_Your goal_
Give back the lines of the records exactly, starting at the first and ending at the one with "5*b2*b3^3*y + b2^2*b3*b4*y".

Data entries:
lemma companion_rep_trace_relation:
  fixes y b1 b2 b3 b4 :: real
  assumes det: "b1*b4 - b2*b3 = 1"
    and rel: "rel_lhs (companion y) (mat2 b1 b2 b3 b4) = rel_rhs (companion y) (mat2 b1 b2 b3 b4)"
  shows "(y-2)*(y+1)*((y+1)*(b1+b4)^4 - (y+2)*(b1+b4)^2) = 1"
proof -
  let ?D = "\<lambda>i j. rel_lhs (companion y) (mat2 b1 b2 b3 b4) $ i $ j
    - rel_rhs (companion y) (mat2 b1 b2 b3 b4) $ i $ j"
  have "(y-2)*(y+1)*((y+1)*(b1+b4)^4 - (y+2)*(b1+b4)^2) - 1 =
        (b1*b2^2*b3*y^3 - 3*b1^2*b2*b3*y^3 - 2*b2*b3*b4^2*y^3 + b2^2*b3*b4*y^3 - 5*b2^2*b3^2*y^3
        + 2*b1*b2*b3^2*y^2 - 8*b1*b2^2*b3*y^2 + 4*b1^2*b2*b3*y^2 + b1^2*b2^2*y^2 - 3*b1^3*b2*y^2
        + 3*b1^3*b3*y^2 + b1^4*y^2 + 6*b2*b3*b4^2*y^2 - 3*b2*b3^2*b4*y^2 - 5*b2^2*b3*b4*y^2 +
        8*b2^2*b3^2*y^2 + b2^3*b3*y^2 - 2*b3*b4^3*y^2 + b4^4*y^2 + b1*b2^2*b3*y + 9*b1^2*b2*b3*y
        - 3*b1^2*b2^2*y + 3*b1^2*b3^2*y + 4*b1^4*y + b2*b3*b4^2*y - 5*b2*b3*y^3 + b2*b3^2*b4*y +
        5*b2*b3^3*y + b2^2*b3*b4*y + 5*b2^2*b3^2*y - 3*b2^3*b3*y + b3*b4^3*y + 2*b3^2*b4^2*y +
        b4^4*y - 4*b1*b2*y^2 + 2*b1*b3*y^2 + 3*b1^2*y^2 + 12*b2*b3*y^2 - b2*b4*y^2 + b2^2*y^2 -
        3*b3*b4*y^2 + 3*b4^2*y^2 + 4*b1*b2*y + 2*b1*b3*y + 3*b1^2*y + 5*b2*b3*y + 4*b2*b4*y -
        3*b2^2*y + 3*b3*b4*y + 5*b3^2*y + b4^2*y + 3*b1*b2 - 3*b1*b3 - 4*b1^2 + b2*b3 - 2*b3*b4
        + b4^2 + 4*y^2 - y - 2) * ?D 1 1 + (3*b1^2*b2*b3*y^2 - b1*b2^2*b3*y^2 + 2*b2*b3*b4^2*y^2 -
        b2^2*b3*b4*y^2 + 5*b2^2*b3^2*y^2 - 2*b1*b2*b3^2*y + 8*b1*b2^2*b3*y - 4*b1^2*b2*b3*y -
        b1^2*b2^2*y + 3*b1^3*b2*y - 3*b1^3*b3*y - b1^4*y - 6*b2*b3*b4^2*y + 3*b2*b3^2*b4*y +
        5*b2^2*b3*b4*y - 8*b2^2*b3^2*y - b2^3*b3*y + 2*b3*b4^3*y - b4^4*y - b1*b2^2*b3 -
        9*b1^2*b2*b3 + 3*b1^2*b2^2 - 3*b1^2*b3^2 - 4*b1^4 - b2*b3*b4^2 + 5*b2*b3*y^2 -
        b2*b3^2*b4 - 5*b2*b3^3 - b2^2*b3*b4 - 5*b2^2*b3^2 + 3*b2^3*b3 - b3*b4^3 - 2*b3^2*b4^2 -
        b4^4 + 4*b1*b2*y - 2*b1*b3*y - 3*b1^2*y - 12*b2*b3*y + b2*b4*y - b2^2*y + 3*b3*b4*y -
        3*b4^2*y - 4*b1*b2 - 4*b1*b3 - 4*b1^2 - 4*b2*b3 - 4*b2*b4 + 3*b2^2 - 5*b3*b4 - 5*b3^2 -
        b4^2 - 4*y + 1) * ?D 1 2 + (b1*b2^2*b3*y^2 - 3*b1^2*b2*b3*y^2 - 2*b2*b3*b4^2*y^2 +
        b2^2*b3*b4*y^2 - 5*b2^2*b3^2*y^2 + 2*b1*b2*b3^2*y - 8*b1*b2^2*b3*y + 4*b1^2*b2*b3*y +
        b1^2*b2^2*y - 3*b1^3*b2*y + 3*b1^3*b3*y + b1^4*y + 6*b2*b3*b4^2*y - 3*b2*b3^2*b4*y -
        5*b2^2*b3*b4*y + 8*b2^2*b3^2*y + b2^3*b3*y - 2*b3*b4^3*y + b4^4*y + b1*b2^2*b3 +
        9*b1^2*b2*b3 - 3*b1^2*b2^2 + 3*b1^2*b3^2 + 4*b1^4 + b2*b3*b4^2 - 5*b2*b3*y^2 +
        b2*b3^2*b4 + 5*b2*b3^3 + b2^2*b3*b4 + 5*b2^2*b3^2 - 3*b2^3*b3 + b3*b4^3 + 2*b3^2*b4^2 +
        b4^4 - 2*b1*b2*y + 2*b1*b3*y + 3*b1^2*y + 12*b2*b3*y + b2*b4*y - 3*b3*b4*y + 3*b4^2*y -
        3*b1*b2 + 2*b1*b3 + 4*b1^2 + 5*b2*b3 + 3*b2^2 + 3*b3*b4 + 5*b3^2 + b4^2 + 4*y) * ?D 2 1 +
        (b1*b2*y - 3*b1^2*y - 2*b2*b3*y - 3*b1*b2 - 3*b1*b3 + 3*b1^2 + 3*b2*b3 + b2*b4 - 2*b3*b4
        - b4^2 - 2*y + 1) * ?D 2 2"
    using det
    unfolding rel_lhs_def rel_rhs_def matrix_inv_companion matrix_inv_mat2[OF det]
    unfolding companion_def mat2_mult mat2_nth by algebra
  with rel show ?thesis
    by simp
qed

_Problem solution_
lemma companion_rep_trace_relation:
  fixes y b1 b2 b3 b4 :: real
  assumes det: "b1*b4 - b2*b3 = 1"
    and rel: "rel_lhs (companion y) (mat2 b1 b2 b3 b4) = rel_rhs (companion y) (mat2 b1 b2 b3 b4)"
  shows "(y-2)*(y+1)*((y+1)*(b1+b4)^4 - (y+2)*(b1+b4)^2) = 1"
proof -
  let ?D = "\<lambda>i j. rel_lhs (companion y) (mat2 b1 b2 b3 b4) $ i $ j
    - rel_rhs (companion y) (mat2 b1 b2 b3 b4) $ i $ j"
  have "(y-2)*(y+1)*((y+1)*(b1+b4)^4 - (y+2)*(b1+b4)^2) - 1 =
        (b1*b2^2*b3*y^3 - 3*b1^2*b2*b3*y^3 - 2*b2*b3*b4^2*y^3 + b2^2*b3*b4*y^3 - 5*b2^2*b3^2*y^3
        + 2*b1*b2*b3^2*y^2 - 8*b1*b2^2*b3*y^2 + 4*b1^2*b2*b3*y^2 + b1^2*b2^2*y^2 - 3*b1^3*b2*y^2
        + 3*b1^3*b3*y^2 + b1^4*y^2 + 6*b2*b3*b4^2*y^2 - 3*b2*b3^2*b4*y^2 - 5*b2^2*b3*b4*y^2 +
        8*b2^2*b3^2*y^2 + b2^3*b3*y^2 - 2*b3*b4^3*y^2 + b4^4*y^2 + b1*b2^2*b3*y + 9*b1^2*b2*b3*y
        - 3*b1^2*b2^2*y + 3*b1^2*b3^2*y + 4*b1^4*y + b2*b3*b4^2*y - 5*b2*b3*y^3 + b2*b3^2*b4*y +
        5*b2*b3^3*y + b2^2*b3*b4*y + 5*b2^2*b3^2*y - 3*b2^3*b3*y + b3*b4^3*y + 2*b3^2*b4^2*y +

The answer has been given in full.